=== Begin Enclosure ===

lemma diag_part_in_Aoplus:
  assumes "X \<in> Aplus n"
  shows "diag_part X \<in> Aoplus n"
proof -
  define N where "N = Suc (2 * n)"
  have "0 \<le> Re (parity_trace n (diag_part X) a)" for a
  proof -
    have avg: "(\<Sum>s<N. parity_trace n X (root_unity N s * a)) =
        of_nat N * parity_trace n (diag_part X) a"
      using sum_root_unity_parity_trace[of 0 n N X a] by (simp add: N_def parity_trace_diag_part)
    have "(\<Sum>s<N. Re (parity_trace n X (root_unity N s * a))) =
        real N * Re (parity_trace n (diag_part X) a)"
      using arg_cong[OF avg, of Re] by (simp add: Re_sum)
    moreover have "0 \<le> (\<Sum>s<N. Re (parity_trace n X (root_unity N s * a)))"
      using assms by (intro sum_nonneg) (simp add: Aplus_def flip: wigner_nonneg_iff)
    ultimately show ?thesis by (simp add: N_def zero_le_mult_iff)
  qed
  moreover have "quasi_state_on n (diag_part X)"
  proof -
    have X: "supported_on n X" "\<forall>j k. X j k = cnj (X k j)" "(\<Sum>k\<le>n. X k k) = 1"
      using assms unfolding Aplus_def quasi_state_on_def by blast+
    have "cnj (X k j) = X j k" for j k
      using X(2) by metis
    then have "\<forall>j k. diag_part X j k = cnj (diag_part X k j)"
      by (simp add: diag_part_def)
    moreover have "supported_on n (diag_part X)"
      using X(1) by (simp add: supported_on_def diag_part_def)
    moreover have "(\<Sum>k\<le>n. diag_part X k k) = 1"
      using X(3) by (simp add: diag_part_def)
    ultimately show ?thesis unfolding quasi_state_on_def by blast
  qed
  ultimately show ?thesis
    by (simp add: Aoplus_def Aplus_def diag_part_def wigner_nonneg_iff)
qed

=== End Enclosure ===

• Work to be completed
In the lines above, spot each one that contains the word "blast" and copy it.

• Task solution
      using assms unfolding Aplus_def quasi_state_on_def by blast+
    ultimately show ?thesis unfolding quasi_state_on_def by blast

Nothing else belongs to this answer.